--- WHAT TO DO ---
The entire set of lines below should be copied exactly.

--- DATA FOR PROCESSING ---
theorem theorem7:
  fixes V :: "'a set" and E :: "'a set set" and r :: nat
  assumes "r \<ge> 3"
    and "simple_graph V E"
    and "connected_graph V E"
    and "card V \<ge> 3"
    and "\<not> has_induced_P4 V E"
    and "\<not> has_induced_star V E r"
  shows "rx3 V E \<le> sdiam3 V E + r + 3"
proof -
  have "finite V" using assms(2) unfolding simple_graph_def by blast
  have "card V \<ge> 2" using assms(4) by simp
  then obtain A B a b cls k where "join_coloring V E A B a b cls k" "k < r"
    by (rule join_coloring_of_P4_star_free[OF assms(2,3) _ assms(5,6)])
  then interpret join_coloring V E A B a b cls k by simp
  have "rx3 V E \<le> k + 5" using three_rainbow_coloring_col by (rule rx3_le)
  moreover have "sdiam3 V E \<ge> 2"
    using sdiam3_ge_2[OF three_rainbow_coloring_col \<open>finite V\<close> assms(4)] .
  ultimately show ?thesis using \<open>k < r\<close> by linarith
qed

end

--- WRITTEN ANSWER ---
theorem theorem7:
  fixes V :: "'a set" and E :: "'a set set" and r :: nat
  assumes "r \<ge> 3"
    and "simple_graph V E"
    and "connected_graph V E"
    and "card V \<ge> 3"
    and "\<not> has_induced_P4 V E"
    and "\<not> has_induced_star V E r"
  shows "rx3 V E \<le> sdiam3 V E + r + 3"
proof -
  have "finite V" using assms(2) unfolding simple_graph_def by blast
  have "card V \<ge> 2" using assms(4) by simp
  then obtain A B a b cls k where "join_coloring V E A B a b cls k" "k < r"
    by (rule join_coloring_of_P4_star_free[OF assms(2,3) _ assms(5,6)])
  then interpret join_coloring V E A B a b cls k by simp
  have "rx3 V E \<le> k + 5" using three_rainbow_coloring_col by (rule rx3_le)
  moreover have "sdiam3 V E \<ge> 2"
    using sdiam3_ge_2[OF three_rainbow_coloring_col \<open>finite V\<close> assms(4)] .
  ultimately show ?thesis using \<open>k < r\<close> by linarith
qed

end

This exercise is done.